Gyetshead is Gateshead, the town on the opposite (south) side of the River Tyne from Newcastle upon Tyne

Sandgate pronounced Sandgit, is (or was) an area of the town named from the Sand Gate, one of the six main gates in the Newcastle town wall, a medieval defensive wall, the remaining parts of which are a Scheduled Ancient Monument. The quayside section of the wall was pulled down in 1763 and the Sand Gate in 1798. In 1701 the Keelmen's Hospital was built in the Sandgate area of the city, using funds provided by the keelmen. This building still stands today.
 Shipcote was a colliery in Gateshead.

=== Trades mentioned ===

Keelman were the dockers of yesteryear, who worked on the keels (or keelboats) of the River Tyne. Many, in fact the majority, resided as a close-knit community with their families in the Sandgate area, to the east of the city and beside the river. Their work included working on the keels/keelboats which were used to transfer coal from the river banks to the waiting colliers, for transport to various destinations including London.
 A hewer is a Geordie and mining term for the miner who digs the coal.

A muckman is a sewage worker.

== Comments on variations to the above version ==

NOTE –
- Generally – "HER" is pronounced (and usually in later versions spelt) "HOR"
  - "CUSHY" is spelt differently in Verse 1 line 3 and the chorus from that in the song title "CUSHEY" or modern day "CUSHIE"
- Verse 1 line 1 "AW" (meaning "I") is now, and in later versions, often spelt "Aa" or "I's"
  - line 1 "HEARTED" is (often in later versions" spelt "HAIRTED"
  - line 2 & verse 2 line 2 – "YUNG" is spelt differently from the standard spelling "young" in those lines, but the spelling "young" appears in verse 2 line 4
- Chorus (or KORUS) – "CALL" is pronounced (and in some later versions spelt) "CAALL"
  - "BEER" is (in some later versions) spelt "BEOR"
- Verse 3 line 1 "SANDGATE" pronounced (and later often written as) "SANDGIT"
  - line 2 "SAWDUST" pronounced (and later often spelt) "SAARDUST"
  - line 3 "GOLASHES" (the Geordie term for, and later mis-spelt as) "GALOSHES"
- Verse 4 line 1 "WHEN" pronounced (and now often spelt) "WHAN"
  - line 1 the "ME" after marry is now often written (and sung as) "US"
  - line 2 the publisher has inserted an extra space after monkey

==Recordings==

Owen Brannigan (1908–73) was one of England's most popular bass singers in his day. His E.P. Folk Songs From Northumbria (ref 7EG 8551) included Cushie Butterfield together with six other titles and a YouTube recording is available.

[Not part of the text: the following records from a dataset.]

lemma whisker_nbhd_subset:
  assumes a: "loop_at X x0 a" and a': "loop_at X x0 a'"
    and mem: "loop_class X x0 a' \<in> whisker_nbhd X x0 a U"
  shows "whisker_nbhd X x0 a' U \<subseteq> whisker_nbhd X x0 a U"
proof
  obtain b where b: "loop_at (subtopology X U) x0 b" and "loop_class X x0 a' = loop_class X x0 (a +++ b)"
    using mem unfolding whisker_nbhd_def by blast
  then have ab: "homotopic_paths_in X a' (a +++ b)"
    using a a' by (simp add: loop_class_eq_iff loop_at_path_join loop_at_subtopology_imp)
  fix g assume "g \<in> whisker_nbhd X x0 a' U"
  then obtain c where c: "loop_at (subtopology X U) x0 c" and g: "g = loop_class X x0 (a' +++ c)"
    unfolding whisker_nbhd_def by blast
  have lb: "loop_at X x0 b" and lc: "loop_at X x0 c"
    using b c by (auto intro: loop_at_subtopology_imp)
  have "homotopic_paths_in X (a' +++ c) ((a +++ b) +++ c)"
    using homotopic_paths_in_join[OF ab homotopic_paths_in_refl] lc a'
    by (simp add: loop_at_def)
  also have "homotopic_paths_in X \<dots> (a +++ (b +++ c))"
    using a lb lc by (intro homotopic_paths_in_assoc) (simp_all add: loop_at_def)
  finally have "g = loop_class X x0 (a +++ (b +++ c))"
    unfolding g using a a' lb lc by (simp add: loop_class_eq_iff loop_at_path_join)
  moreover have "loop_at (subtopology X U) x0 (b +++ c)"
    using b c by (rule loop_at_path_join)
  ultimately show "g \<in> whisker_nbhd X x0 a U"
    unfolding whisker_nbhd_def by blast
qed

lemma loop_class_mem_whisker_nbhd_sym:
  assumes a: "loop_at X x0 a" and a': "loop_at X x0 a'"
    and "loop_class X x0 a' \<in> whisker_nbhd X x0 a U"
  shows "loop_class X x0 a \<in> whisker_nbhd X x0 a' U"
proof -
  obtain b where b: "loop_at (subtopology X U) x0 b" and "loop_class X x0 a' = loop_class X x0 (a +++ b)"
    using assms(3) unfolding whisker_nbhd_def by blast
  then have "homotopic_paths_in X (a' +++ path_reverse b) a"
    using a a' loop_at_subtopology_imp[OF b]
    by (simp add: loop_class_eq_iff loop_at_path_join homotopic_paths_in_join_reverse_right_iff)
  then have "loop_class X x0 a = loop_class X x0 (a' +++ path_reverse b)"
    using a a' loop_at_subtopology_imp[OF b]
    by (simp add: loop_class_eq_iff loop_at_path_join loop_at_path_reverse homotopic_paths_in_sym)
  moreover have "loop_at (subtopology X U) x0 (path_reverse b)"
    using b by (rule loop_at_path_reverse)
  ultimately show ?thesis
    unfolding whisker_nbhd_def by blast
qed

text \<open>For fixed \<open>U\<close>, the sets \<open>whisker_nbhd X x0 a U\<close> are the left cosets of the image of
  \<open>\<pi>\<^sub>1(U, x0)\<close>, so any two of them coincide or are disjoint.\<close>

lemma whisker_nbhd_eq:
  assumes "loop_at X x0 a" "loop_at X x0 a'" "loop_class X x0 a' \<in> whisker_nbhd X x0 a U"
  shows "whisker_nbhd X x0 a' U = whisker_nbhd X x0 a U"
  using whisker_nbhd_subset[OF assms]
    whisker_nbhd_subset[OF assms(2,1) loop_class_mem_whisker_nbhd_sym[OF assms]]
  by (rule subset_antisym)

Brendan Grace had a number 3 hit with the song in 1975. His version is often associated with being amongst the most popular.

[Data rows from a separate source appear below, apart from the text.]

(* Under Assumptions (A1) and (A2) of the context, let $B$ be the solution on $[0,T]$ of the constrained ODE and $\lambda^\ast,\pi^\ast$ as in the context. Then for all $t\in[0,T]$, $$\tfrac12\tfrac b{1-b}\eta^2-\tfrac12\tfrac b{1-b}\big(\lambda^\ast(B(T-t))+\sigma\rho B(T-t)\big)^2-\tfrac12b^2\rho^2\pi^\ast(t)^2+b\tfrac{\rho\kappa}\sigma\pi^\ast(t)+\tfrac b{1-b}\tfrac\rho\sigma\big[(\lambda^\ast)'(B(T-t))+\sigma\rho\big]B'(T-t)<\tfrac12\tfrac{\kappa^2}{\sigma^2}.$$
   Context: Parameters: $T>0$; $\eta,\kappa,\sigma>0$; $\rho\in(-1,1)$; $b<1$, $b\ne0$; $K=[\alpha,\beta]$, $-\infty\le\alpha<\beta\le\infty$; $\delta_K(x)=-\alpha x\mathbf 1_{\{x>0\}}-\beta x\mathbf 1_{\{x<0\}}$. $B_-=\frac{(1-b)\alpha-\eta}\sigma$, $B_+=\frac{(1-b)\beta-\eta}\sigma$; $r_0^-=\tfrac12 b\alpha((1-b)\alpha-2\eta)$, $r_1^-=b\sigma\rho\alpha-\kappa$, $r_2^-=\sigma^2$; $r_0=-\frac b{2(1-b)}\eta^2$, $r_1=\frac b{1-b}\eta\sigma\rho-\kappa$, $r_2=\sigma^2(1+\frac b{1-b}\rho^2)$; $r_0^+=\tfrac12 b\beta((1-b)\beta-2\eta)$, $r_1^+=b\sigma\rho\beta-\kappa$, $r_2^+=\sigma^2$. For a triple $(c_0,c_1,c_2)$: $c_3=\sqrt{c_1^2+2c_0c_2}$, $t_+(y_0)=\frac1{c_3}\ln\frac{c_1+c_2y_0+c_3}{c_1+c_2y_0-c_3}$ if $c_1+c_2y_0-c_3>0$, else $\infty$. (A1): (i) $\max\{\frac b{1-b}\eta(\frac{\kappa\rho}\sigma+\frac\eta2),\ b\alpha(\eta-\frac\alpha2+\frac{\kappa\rho}\sigma+\frac12\alpha b(1-\rho^2)),\ b\beta(\eta-\frac\beta2+\frac{\kappa\rho}\sigma+\frac12\beta b(1-\rho^2))\}<\frac{\kappa^2}{2\sigma^2}$; (ii) for each triple $(r_0^-,r_1^-,r_2^-),(r_0,r_1,r_2),(r_0^+,r_1^+,r_2^+)$ and each $y_0\in\{\frac{B_-}\rho\mathbf 1_{\{\rho\ne0\}},\frac{B_+}\rho\mathbf 1_{\{\rho\ne0\}},0\}$, $t_+(y_0)>T$. (A2): $\max\{\frac{b\rho}\kappa\alpha,\frac{b\rho}\kappa\beta\}\le\frac\kappa{\sigma^2}$. Constrained ODE: $B'(\tau)=-\kappa B+\frac12\sigma^2B^2+\frac12\frac b{1-b}\inf_{\lambda\in\mathbb R}(2(1-b)\delta_K(\lambda)+(\eta+\lambda+\sigma\rho B)^2)$, $B(0)=0$ (unique solution on $[0,T]$ under (A1)). $\lambda^\ast(B)=[(1-b)\alpha-(\eta+\sigma\rho B)]\mathbf 1_{\{\rho B<B_-\}}+[(1-b)\beta-(\eta+\sigma\rho B)]\mathbf 1_{\{\rho B>B_+\}}$, a piecewise affine function whose derivative $(\lambda^\ast)'(B)$ equals $-\sigma\rho$ when $\rho B<B_-$ or $\rho B>B_+$ and $0$ when $B_-<\rho B<B_+$ (at the kinks either one-sided value may be used). $\pi^\ast(t)=\frac1{1-b}(\eta+\lambda^\ast(B(T-t))+\sigma\rho B(T-t))$. *)

theory Defs
  imports "HOL-Analysis.Analysis" "HOL-Library.Extended_Real"
begin

text \<open>The constraint interval K = [al, be] has extended-real endpoints,
  -\<infinity> \<le> al < be \<le> \<infinity>.\<close>
definition deltaK :: "ereal \<Rightarrow> ereal \<Rightarrow> real \<Rightarrow> ereal" where
  "deltaK al be x = (if x > 0 then - al * ereal x else if x < 0 then - be * ereal x else 0)"

definition Bminus :: "real \<Rightarrow> real \<Rightarrow> real \<Rightarrow> ereal \<Rightarrow> ereal" where
  "Bminus b eta sig al = (ereal (1 - b) * al - ereal eta) / ereal sig"

definition Bplus :: "real \<Rightarrow> real \<Rightarrow> real \<Rightarrow> ereal \<Rightarrow> ereal" where
  "Bplus b eta sig be = (ereal (1 - b) * be - ereal eta) / ereal sig"

definition tplus :: "real \<Rightarrow> real \<Rightarrow> real \<Rightarrow> real \<Rightarrow> ereal" where
  "tplus c0 c1 c2 y0 =
     (let c3 = sqrt (c1\<^sup>2 + 2 * c0 * c2) in
      if c1 + c2 * y0 - c3 > 0
      then ereal (1 / c3 * ln ((c1 + c2 * y0 + c3) / (c1 + c2 * y0 - c3)))
      else \<infinity>)"

definition ODErhs :: "real \<Rightarrow> real \<Rightarrow> real \<Rightarrow> real \<Rightarrow> real \<Rightarrow> ereal \<Rightarrow> ereal \<Rightarrow> real \<Rightarrow> real" where
  "ODErhs eta kappa sig rho b al be x =
     - kappa * x + 1/2 * sig\<^sup>2 * x\<^sup>2
     + 1/2 * (b / (1 - b)) *
       real_of_ereal (INF lam\<in>(UNIV::real set).
          ereal (2 * (1 - b)) * deltaK al be lam + ereal ((eta + lam + sig * rho * x)\<^sup>2))"

definition lamstar :: "real \<Rightarrow> real \<Rightarrow> real \<Rightarrow> real \<Rightarrow> ereal \<Rightarrow> ereal \<Rightarrow> real \<Rightarrow> real" where
  "lamstar eta sig rho b al be x =
     (if ereal (rho * x) < Bminus b eta sig al
        then (1 - b) * real_of_ereal al - (eta + sig * rho * x) else 0)
   + (if ereal (rho * x) > Bplus b eta sig be
        then (1 - b) * real_of_ereal be - (eta + sig * rho * x) else 0)"

definition assumption_A1 :: "real \<Rightarrow> real \<Rightarrow> real \<Rightarrow> real \<Rightarrow> real \<Rightarrow> real \<Rightarrow> ereal \<Rightarrow> ereal \<Rightarrow> bool" where
  "assumption_A1 T eta kappa sig rho b al be =
    (let r0 = - b / (2 * (1 - b)) * eta\<^sup>2;
         r1 = b / (1 - b) * eta * sig * rho - kappa;
         r2 = sig\<^sup>2 * (1 + b / (1 - b) * rho\<^sup>2);
         a = real_of_ereal al; c = real_of_ereal be;
         r0m = 1/2 * b * a * ((1 - b) * a - 2 * eta);
         r1m = b * sig * rho * a - kappa;
         r2m = sig\<^sup>2;
         r0p = 1/2 * b * c * ((1 - b) * c - 2 * eta);
         r1p = b * sig * rho * c - kappa;
         r2p = sig\<^sup>2;
         bound = kappa\<^sup>2 / (2 * sig\<^sup>2);
         Y = {0} \<union> (if \<bar>al\<bar> \<noteq> \<infinity> \<and> rho \<noteq> 0 then {real_of_ereal (Bminus b eta sig al) / rho} else {})
                 \<union> (if \<bar>be\<bar> \<noteq> \<infinity> \<and> rho \<noteq> 0 then {real_of_ereal (Bplus b eta sig be) / rho} else {});
         Trip = {(r0, r1, r2)}
                 \<union> (if \<bar>al\<bar> \<noteq> \<infinity> then {(r0m, r1m, r2m)} else {})
                 \<union> (if \<bar>be\<bar> \<noteq> \<infinity> then {(r0p, r1p, r2p)} else {})
     in b / (1 - b) * eta * (kappa * rho / sig + eta / 2) < bound
      \<and> (\<bar>al\<bar> \<noteq> \<infinity> \<longrightarrow>
           b * a * (eta - a / 2 + kappa * rho / sig + 1/2 * a * b * (1 - rho\<^sup>2)) < bound)
      \<and> (\<bar>be\<bar> \<noteq> \<infinity> \<longrightarrow>
           b * c * (eta - c / 2 + kappa * rho / sig + 1/2 * c * b * (1 - rho\<^sup>2)) < bound)
      \<and> (\<forall>(c0, c1, c2)\<in>Trip. \<forall>y0\<in>Y. tplus c0 c1 c2 y0 > ereal T))"

definition assumption_A2 :: "real \<Rightarrow> real \<Rightarrow> real \<Rightarrow> real \<Rightarrow> ereal \<Rightarrow> ereal \<Rightarrow> bool" where
  "assumption_A2 kappa sig rho b al be =
     ((\<bar>al\<bar> \<noteq> \<infinity> \<longrightarrow> b * rho / kappa * real_of_ereal al \<le> kappa / sig\<^sup>2)
    \<and> (\<bar>be\<bar> \<noteq> \<infinity> \<longrightarrow> b * rho / kappa * real_of_ereal be \<le> kappa / sig\<^sup>2))"

end

theory Submission
  imports Defs
begin

(*
  The inequality is pointwise in the value x = B(T - t): B' enters only through the ODE.
  With \<pi> = \<pi>*(t), the left-hand side is pi_rate \<pi> + b/(1-b) \<rho>/\<sigma> (\<lambda>*' + \<sigma>\<rho>) B'.
  Where the constraint binds, or at a kink where \<lambda>*' = -\<sigma>\<rho>, \<pi> is a finite endpoint of K
  and the B' term vanishes, so (A1)(i) at \<alpha> or \<beta> applies.  Elsewhere the infimum in the
  ODE is attained at \<lambda> = 0, and then pi_rate \<pi> plus the B' term collapses to the constant
  b/(1-b) \<eta> (\<kappa>\<rho>/\<sigma> + \<eta>/2), the first entry of (A1)(i).
*)

lemma ereal_less_shift_div_iff:
  assumes "sig > 0"
  shows "ereal z < (A - ereal eta) / ereal sig \<longleftrightarrow> ereal (eta + sig * z) < A"
  using assms by (cases A) (auto simp: pos_less_divide_eq algebra_simps)

lemma shift_div_less_ereal_iff:
  assumes "sig > 0"
  shows "(A - ereal eta) / ereal sig < ereal z \<longleftrightarrow> A < ereal (eta + sig * z)"
  using assms by (cases A) (auto simp: pos_divide_less_eq algebra_simps)

lemma ereal_mult_eq_realD:
  assumes "d > 0" "ereal d * A = ereal y"
  shows "A = ereal (y / d)"
  using assms by (cases A) (auto simp: field_simps split: if_splits)

text \<open>(A1)(i) bounds this function of the investment fraction \<pi> at \<pi> = \<alpha> and \<pi> = \<beta>.\<close>
definition pi_rate :: "real \<Rightarrow> real \<Rightarrow> real \<Rightarrow> real \<Rightarrow> real \<Rightarrow> real \<Rightarrow> real" where
  "pi_rate eta kappa sig rho b p = b * p * (eta - p / 2 + kappa * rho / sig + 1/2 * p * b * (1 - rho\<^sup>2))"

lemma quadratic_terms_eq_pi_rate:
  assumes "b < 1" "sig > 0"
  shows "1/2 * (b / (1 - b)) * eta\<^sup>2 - 1/2 * (b / (1 - b)) * (l + c)\<^sup>2
        - 1/2 * b\<^sup>2 * rho\<^sup>2 * ((eta + l + c) / (1 - b))\<^sup>2 + b * (rho * kappa / sig) * ((eta + l + c) / (1 - b))
      = pi_rate eta kappa sig rho b ((eta + l + c) / (1 - b))"
proof -
  define d where "d = 1 - b"
  have d: "d > 0" "b = 1 - d" using assms by (auto simp: d_def)
  show ?thesis unfolding pi_rate_def d_def[symmetric] using d(1) assms(2) unfolding d(2)
    by (simp add: field_simps power2_eq_square)
qed

lemma pi_rate_unconstrained_eq:
  assumes "b < 1" "sig > 0"
  shows "pi_rate eta kappa sig rho b ((eta + sig * rho * x) / (1 - b))
      + (b / (1 - b)) * (rho / sig) * (sig * rho)
        * (- kappa * x + 1/2 * sig\<^sup>2 * x\<^sup>2 + 1/2 * (b / (1 - b)) * (eta + sig * rho * x)\<^sup>2)
    = b / (1 - b) * eta * (kappa * rho / sig + eta / 2)"
proof -
  define d where "d = 1 - b"
  have d: "d > 0" "b = 1 - d" using assms(1) by (auto simp: d_def)
  show ?thesis unfolding pi_rate_def d_def[symmetric] using d(1) assms(2) unfolding d(2)
    by (simp add: field_simps power2_eq_square)
qed

lemma square_le_penalised_square:
  fixes y lam d a :: real
  assumes "0 \<le> lam * (y - d * a)"
  shows "y\<^sup>2 \<le> 2 * d * (- a * lam) + (y + lam)\<^sup>2"
proof -
  have "2 * d * (- a * lam) + (y + lam)\<^sup>2 = y\<^sup>2 + 2 * (lam * (y - d * a)) + lam\<^sup>2"
    by (simp add: power2_eq_square algebra_simps)
  then show ?thesis using assms by simp
qed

Sting, a Tyneside native, recorded a version in 1991 on For Our Children, a charity album produced by Disney to raise awareness of HIV/AIDS.

Punk band Gingersfarne released a "badpunk" version of the song as the A-side to their 2017 third EP A Fishy Butter Dish which features a "cursed image" of Brannigan as the cover art.